[[ Records for this exercise open ]]

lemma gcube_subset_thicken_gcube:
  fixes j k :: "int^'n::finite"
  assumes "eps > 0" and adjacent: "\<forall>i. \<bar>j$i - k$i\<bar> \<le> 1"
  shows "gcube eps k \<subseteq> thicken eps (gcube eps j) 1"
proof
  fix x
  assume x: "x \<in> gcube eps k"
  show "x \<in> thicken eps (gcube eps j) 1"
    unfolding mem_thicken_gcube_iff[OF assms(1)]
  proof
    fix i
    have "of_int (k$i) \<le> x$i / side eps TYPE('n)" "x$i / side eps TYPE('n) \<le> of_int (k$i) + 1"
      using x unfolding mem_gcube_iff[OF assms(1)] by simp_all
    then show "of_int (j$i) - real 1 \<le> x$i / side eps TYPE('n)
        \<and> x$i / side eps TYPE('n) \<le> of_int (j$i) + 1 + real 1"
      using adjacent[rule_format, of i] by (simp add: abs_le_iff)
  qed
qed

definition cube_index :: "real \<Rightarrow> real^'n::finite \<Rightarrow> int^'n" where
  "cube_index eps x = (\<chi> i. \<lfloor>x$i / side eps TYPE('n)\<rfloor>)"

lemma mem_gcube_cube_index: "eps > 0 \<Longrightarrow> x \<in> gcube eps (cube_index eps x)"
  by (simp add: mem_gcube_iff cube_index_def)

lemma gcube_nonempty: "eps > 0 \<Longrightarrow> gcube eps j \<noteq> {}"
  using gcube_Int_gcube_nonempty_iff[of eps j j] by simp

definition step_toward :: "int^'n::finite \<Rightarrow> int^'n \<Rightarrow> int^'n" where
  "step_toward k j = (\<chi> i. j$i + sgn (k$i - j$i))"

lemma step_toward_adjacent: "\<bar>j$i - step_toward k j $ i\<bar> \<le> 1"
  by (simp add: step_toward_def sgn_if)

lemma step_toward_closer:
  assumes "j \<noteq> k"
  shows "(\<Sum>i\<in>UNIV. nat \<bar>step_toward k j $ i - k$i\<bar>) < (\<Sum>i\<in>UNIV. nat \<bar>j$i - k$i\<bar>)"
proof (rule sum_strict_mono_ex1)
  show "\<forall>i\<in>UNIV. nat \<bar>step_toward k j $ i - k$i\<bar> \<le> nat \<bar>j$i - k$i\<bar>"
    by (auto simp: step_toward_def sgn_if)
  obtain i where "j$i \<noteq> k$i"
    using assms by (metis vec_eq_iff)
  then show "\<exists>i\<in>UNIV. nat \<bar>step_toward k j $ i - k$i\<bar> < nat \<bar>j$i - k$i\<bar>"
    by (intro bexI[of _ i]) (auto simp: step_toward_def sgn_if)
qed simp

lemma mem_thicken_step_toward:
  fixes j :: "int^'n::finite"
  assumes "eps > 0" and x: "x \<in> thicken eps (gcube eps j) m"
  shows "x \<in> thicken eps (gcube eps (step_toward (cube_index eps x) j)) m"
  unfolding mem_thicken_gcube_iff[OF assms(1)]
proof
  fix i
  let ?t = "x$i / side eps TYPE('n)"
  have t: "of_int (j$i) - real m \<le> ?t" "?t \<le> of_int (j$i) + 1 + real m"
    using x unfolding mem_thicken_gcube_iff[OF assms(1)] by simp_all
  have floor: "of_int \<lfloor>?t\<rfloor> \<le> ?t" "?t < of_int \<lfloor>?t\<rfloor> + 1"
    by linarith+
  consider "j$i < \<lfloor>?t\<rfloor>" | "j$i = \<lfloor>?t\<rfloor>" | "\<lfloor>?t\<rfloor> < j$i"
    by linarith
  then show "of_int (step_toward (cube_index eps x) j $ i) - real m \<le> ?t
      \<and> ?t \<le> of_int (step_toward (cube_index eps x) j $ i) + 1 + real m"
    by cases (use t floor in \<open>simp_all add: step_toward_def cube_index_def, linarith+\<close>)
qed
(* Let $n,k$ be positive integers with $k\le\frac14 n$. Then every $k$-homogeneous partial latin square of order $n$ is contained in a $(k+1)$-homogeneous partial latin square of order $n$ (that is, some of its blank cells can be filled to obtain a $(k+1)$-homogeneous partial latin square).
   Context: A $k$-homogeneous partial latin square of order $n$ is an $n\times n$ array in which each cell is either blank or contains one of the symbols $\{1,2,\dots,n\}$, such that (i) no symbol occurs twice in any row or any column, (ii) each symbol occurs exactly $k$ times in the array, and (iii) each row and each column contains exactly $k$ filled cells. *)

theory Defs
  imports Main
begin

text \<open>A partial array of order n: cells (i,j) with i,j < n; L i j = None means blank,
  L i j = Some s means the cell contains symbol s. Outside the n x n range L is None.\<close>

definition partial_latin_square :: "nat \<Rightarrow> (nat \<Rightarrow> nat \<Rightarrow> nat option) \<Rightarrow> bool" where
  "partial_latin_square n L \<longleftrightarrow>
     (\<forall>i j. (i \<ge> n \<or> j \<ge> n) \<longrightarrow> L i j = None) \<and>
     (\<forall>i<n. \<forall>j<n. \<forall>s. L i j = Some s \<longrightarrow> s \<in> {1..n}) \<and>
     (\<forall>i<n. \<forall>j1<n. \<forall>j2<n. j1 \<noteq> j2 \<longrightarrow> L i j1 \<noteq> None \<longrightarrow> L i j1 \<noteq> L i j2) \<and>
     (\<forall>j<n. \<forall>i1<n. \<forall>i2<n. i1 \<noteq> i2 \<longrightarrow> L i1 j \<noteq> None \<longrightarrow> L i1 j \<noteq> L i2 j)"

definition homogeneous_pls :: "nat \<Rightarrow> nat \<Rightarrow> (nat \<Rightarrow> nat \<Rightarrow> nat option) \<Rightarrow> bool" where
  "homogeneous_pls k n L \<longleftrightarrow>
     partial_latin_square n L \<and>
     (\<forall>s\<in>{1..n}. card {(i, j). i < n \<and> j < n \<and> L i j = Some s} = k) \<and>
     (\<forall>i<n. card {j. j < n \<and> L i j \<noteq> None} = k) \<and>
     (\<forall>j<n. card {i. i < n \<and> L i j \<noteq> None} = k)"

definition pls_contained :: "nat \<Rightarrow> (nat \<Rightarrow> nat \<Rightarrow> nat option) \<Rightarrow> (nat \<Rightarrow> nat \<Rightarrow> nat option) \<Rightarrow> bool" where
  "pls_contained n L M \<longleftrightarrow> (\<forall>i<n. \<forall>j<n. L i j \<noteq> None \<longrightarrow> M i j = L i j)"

[[ Records for this exercise closed ]]
[[ Records for this exercise open ]]

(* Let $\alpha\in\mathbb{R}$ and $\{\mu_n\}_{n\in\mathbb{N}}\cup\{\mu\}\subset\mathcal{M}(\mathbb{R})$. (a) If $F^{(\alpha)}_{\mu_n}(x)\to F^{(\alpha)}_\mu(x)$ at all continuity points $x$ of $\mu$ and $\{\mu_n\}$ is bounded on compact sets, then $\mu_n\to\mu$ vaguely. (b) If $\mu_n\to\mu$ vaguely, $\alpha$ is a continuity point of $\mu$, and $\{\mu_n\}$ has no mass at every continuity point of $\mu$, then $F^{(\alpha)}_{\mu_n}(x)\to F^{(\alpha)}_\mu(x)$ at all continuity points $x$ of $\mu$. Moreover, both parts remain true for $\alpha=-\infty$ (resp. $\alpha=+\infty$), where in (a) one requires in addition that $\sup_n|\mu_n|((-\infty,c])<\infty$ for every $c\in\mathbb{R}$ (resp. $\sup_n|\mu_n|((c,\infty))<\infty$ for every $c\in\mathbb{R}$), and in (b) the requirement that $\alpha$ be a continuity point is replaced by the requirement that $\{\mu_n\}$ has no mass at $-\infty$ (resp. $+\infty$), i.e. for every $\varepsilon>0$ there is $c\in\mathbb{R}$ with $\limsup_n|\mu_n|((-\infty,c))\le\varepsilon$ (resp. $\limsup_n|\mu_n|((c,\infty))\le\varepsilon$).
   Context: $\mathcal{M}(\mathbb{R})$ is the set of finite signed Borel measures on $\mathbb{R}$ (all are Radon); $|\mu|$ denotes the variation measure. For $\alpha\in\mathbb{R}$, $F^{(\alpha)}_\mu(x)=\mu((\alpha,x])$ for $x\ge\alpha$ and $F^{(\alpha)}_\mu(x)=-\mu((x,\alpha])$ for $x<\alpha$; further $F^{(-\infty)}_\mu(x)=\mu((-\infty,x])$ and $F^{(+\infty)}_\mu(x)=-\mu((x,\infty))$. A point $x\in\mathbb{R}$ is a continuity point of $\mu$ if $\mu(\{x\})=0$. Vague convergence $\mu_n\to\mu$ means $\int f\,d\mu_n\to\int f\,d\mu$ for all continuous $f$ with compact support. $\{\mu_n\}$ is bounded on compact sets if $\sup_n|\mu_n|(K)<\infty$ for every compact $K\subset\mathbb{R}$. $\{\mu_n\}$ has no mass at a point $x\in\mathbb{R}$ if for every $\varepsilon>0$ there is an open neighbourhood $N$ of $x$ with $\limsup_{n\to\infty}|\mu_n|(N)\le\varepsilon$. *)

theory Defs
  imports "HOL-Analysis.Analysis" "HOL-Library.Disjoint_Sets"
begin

[[ Records for this exercise closed ]]

Where the word "longleftrightarrow" shows up in a line of the entries above, copy that line.

■ Solved exercise
  "partial_latin_square n L \<longleftrightarrow>
  "homogeneous_pls k n L \<longleftrightarrow>
  "pls_contained n L M \<longleftrightarrow> (\<forall>i<n. \<forall>j<n. L i j \<noteq> None \<longrightarrow> M i j = L i j)"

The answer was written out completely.